START Input material
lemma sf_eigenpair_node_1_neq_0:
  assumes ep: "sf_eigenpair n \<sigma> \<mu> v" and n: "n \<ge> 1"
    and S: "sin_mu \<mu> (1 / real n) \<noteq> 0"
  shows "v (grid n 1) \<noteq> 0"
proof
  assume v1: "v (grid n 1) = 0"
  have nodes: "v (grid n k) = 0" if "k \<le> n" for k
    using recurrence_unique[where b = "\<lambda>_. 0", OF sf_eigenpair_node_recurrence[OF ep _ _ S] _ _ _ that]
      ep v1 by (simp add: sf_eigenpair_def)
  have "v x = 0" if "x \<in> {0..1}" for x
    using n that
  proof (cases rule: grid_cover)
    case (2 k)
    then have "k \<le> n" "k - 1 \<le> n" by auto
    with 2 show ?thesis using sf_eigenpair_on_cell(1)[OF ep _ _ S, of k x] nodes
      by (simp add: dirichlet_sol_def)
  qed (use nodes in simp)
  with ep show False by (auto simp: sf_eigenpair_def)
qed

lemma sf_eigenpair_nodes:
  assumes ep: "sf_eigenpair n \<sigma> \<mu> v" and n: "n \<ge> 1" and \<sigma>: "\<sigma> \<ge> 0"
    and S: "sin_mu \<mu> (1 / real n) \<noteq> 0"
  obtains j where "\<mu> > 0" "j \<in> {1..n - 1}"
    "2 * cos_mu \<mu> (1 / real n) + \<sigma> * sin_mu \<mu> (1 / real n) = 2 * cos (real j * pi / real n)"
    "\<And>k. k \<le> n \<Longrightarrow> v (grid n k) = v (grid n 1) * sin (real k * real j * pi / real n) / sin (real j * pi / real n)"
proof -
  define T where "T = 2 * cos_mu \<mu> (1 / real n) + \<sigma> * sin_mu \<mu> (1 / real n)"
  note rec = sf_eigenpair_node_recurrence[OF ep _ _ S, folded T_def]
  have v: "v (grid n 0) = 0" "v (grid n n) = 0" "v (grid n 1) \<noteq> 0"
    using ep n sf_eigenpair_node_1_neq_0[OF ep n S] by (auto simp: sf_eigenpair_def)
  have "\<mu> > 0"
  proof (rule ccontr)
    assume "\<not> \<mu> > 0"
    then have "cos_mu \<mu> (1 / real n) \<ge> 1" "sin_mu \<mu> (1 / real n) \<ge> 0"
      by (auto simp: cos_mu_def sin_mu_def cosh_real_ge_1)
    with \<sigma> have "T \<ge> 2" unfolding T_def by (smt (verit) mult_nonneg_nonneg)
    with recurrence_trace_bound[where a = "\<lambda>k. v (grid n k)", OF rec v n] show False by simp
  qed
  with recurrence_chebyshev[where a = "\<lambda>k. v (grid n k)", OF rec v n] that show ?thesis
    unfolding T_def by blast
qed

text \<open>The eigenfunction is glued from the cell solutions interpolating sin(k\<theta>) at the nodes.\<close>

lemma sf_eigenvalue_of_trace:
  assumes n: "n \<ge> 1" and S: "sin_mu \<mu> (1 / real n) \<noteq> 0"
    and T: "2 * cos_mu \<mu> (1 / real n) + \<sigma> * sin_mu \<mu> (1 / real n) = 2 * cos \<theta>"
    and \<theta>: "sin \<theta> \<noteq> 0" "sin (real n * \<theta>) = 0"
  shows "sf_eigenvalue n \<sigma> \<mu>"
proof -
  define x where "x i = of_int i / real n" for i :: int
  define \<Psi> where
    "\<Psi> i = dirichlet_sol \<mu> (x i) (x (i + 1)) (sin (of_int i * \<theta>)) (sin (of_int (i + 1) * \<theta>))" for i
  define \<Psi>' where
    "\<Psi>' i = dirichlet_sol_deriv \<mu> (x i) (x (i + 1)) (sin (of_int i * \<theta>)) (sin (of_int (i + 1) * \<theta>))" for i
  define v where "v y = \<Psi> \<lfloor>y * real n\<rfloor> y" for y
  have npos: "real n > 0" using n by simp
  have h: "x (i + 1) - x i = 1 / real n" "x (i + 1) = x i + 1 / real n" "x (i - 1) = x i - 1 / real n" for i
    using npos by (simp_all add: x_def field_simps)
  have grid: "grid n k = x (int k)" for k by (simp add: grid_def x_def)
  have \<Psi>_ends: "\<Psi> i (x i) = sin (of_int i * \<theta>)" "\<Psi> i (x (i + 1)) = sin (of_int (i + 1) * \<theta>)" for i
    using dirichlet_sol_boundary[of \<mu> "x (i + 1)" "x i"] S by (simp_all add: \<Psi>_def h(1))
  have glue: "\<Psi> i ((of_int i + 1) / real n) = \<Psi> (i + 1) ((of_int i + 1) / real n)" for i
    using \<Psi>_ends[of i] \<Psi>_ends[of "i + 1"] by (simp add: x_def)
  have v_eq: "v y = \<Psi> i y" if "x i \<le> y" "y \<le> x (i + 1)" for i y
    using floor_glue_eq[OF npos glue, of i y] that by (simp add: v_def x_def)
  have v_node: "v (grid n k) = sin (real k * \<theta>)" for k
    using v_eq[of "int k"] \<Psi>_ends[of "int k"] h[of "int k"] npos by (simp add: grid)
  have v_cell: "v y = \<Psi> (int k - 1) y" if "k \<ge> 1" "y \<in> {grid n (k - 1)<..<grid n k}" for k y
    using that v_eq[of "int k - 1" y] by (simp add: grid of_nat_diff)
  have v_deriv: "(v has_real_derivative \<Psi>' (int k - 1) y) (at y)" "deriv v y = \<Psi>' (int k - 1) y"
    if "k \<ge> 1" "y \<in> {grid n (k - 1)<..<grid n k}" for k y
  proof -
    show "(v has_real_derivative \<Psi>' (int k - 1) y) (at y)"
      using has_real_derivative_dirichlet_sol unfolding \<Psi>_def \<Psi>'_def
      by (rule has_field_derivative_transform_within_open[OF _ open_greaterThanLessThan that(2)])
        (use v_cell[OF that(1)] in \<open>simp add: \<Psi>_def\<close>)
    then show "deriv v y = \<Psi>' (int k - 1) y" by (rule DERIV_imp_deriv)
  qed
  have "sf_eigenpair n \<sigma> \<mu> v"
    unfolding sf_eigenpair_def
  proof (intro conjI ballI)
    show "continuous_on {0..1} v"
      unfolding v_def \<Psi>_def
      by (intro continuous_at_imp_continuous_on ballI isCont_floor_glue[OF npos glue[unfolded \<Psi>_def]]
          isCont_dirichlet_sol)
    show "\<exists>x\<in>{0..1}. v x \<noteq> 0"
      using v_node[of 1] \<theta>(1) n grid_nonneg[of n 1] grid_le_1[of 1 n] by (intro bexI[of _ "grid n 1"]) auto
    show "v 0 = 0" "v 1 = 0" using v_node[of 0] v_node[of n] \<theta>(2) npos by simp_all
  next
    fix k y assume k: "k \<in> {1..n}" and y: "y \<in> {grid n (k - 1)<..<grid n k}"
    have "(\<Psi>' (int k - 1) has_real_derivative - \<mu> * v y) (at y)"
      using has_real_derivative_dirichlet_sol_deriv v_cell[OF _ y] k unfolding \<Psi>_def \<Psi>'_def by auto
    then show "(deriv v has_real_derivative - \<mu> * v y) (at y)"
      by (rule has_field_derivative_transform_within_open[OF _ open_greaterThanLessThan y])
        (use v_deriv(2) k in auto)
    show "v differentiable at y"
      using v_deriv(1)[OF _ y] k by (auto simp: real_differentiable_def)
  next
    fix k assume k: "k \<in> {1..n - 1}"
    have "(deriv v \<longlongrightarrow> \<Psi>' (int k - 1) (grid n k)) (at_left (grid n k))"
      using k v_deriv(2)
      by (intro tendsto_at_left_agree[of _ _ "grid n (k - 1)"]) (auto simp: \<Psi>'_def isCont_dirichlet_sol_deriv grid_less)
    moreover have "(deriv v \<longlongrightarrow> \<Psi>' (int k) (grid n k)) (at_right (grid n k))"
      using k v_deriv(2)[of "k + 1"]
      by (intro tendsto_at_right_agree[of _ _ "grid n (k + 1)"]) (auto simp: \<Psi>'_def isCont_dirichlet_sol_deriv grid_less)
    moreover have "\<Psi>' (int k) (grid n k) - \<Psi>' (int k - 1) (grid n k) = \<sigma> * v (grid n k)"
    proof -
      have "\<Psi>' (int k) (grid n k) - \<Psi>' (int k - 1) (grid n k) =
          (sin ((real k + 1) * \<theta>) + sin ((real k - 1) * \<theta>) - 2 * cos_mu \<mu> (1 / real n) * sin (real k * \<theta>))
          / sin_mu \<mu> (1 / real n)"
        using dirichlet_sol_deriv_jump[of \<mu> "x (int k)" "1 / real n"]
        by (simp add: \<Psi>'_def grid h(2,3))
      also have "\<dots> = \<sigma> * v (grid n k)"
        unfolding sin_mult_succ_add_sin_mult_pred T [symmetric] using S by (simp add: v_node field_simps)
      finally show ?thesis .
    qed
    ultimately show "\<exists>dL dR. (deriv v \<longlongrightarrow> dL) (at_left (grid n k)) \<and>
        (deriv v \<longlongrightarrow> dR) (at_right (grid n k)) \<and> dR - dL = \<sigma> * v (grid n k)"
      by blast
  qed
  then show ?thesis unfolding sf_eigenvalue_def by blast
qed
END Input material
START Input material
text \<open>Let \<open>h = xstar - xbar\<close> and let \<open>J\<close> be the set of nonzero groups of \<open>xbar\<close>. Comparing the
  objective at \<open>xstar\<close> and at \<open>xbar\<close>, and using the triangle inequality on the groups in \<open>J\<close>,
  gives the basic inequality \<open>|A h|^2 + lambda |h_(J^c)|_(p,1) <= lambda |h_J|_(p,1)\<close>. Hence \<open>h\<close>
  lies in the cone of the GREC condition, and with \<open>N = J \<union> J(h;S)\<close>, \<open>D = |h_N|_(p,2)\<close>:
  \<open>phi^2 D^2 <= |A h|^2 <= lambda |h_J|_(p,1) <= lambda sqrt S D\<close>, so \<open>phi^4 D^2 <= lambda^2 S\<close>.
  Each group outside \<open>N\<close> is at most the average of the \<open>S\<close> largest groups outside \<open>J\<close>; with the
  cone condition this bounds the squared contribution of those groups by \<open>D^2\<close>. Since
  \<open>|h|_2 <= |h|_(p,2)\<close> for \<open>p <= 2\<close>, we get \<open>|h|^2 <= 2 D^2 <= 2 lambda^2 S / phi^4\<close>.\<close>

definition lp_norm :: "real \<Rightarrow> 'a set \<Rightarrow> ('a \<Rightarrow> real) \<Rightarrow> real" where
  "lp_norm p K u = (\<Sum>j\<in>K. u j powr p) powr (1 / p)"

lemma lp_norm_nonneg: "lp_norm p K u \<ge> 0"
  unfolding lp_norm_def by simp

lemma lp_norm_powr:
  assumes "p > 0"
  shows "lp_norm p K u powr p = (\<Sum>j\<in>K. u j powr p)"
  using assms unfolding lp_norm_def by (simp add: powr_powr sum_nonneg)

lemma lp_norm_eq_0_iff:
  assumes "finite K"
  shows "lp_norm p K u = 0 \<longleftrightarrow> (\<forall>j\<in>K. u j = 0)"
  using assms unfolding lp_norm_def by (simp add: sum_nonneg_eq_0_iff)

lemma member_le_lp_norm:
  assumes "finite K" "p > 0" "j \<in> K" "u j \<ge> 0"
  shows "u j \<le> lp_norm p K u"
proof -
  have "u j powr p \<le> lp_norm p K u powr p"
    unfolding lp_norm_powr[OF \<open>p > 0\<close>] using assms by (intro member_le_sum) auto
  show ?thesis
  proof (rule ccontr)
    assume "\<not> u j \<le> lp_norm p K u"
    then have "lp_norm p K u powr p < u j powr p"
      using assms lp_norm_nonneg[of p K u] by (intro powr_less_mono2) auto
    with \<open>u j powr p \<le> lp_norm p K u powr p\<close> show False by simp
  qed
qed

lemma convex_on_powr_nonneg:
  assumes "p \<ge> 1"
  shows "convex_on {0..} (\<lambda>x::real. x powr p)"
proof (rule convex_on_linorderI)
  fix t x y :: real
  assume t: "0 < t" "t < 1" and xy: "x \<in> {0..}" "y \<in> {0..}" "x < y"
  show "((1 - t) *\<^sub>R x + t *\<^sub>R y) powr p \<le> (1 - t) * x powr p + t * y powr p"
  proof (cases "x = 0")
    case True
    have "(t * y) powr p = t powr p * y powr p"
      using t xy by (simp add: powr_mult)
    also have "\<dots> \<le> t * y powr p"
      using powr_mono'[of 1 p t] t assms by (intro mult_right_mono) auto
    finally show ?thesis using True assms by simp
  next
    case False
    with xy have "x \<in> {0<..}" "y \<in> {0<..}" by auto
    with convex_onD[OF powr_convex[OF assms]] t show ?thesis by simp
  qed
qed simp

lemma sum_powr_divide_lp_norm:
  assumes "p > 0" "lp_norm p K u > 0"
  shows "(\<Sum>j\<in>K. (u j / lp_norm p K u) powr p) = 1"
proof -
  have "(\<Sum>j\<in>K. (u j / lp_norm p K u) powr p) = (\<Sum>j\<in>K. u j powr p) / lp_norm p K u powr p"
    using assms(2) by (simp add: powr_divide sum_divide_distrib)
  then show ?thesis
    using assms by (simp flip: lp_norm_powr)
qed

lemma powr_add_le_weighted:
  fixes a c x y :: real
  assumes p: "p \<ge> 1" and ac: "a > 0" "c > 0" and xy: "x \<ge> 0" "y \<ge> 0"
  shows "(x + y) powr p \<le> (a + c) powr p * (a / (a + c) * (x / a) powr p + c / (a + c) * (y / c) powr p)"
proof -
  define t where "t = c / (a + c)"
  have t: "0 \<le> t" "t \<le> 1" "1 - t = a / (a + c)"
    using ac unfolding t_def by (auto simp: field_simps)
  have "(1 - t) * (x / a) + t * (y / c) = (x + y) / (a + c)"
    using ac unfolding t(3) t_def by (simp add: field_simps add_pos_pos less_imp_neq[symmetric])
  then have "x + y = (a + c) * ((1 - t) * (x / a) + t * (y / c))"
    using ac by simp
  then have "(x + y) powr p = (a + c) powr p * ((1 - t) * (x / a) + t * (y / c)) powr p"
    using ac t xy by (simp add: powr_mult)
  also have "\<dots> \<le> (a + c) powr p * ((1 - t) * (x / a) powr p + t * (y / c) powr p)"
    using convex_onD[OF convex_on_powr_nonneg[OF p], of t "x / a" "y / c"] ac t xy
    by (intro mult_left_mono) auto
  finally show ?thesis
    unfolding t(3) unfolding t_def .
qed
END Input material
If a line in the data above holds the string "npos", copy it.

> **Exercise output**:
  have npos: "real n > 0" using n by simp
    using npos by (simp_all add: x_def field_simps)
    using floor_glue_eq[OF npos glue, of i y] that by (simp add: v_def x_def)
    using v_eq[of "int k"] \<Psi>_ends[of "int k"] h[of "int k"] npos by (simp add: grid)
      by (intro continuous_at_imp_continuous_on ballI isCont_floor_glue[OF npos glue[unfolded \<Psi>_def]]
    show "v 0 = 0" "v 1 = 0" using v_node[of 0] v_node[of n] \<theta>(2) npos by simp_all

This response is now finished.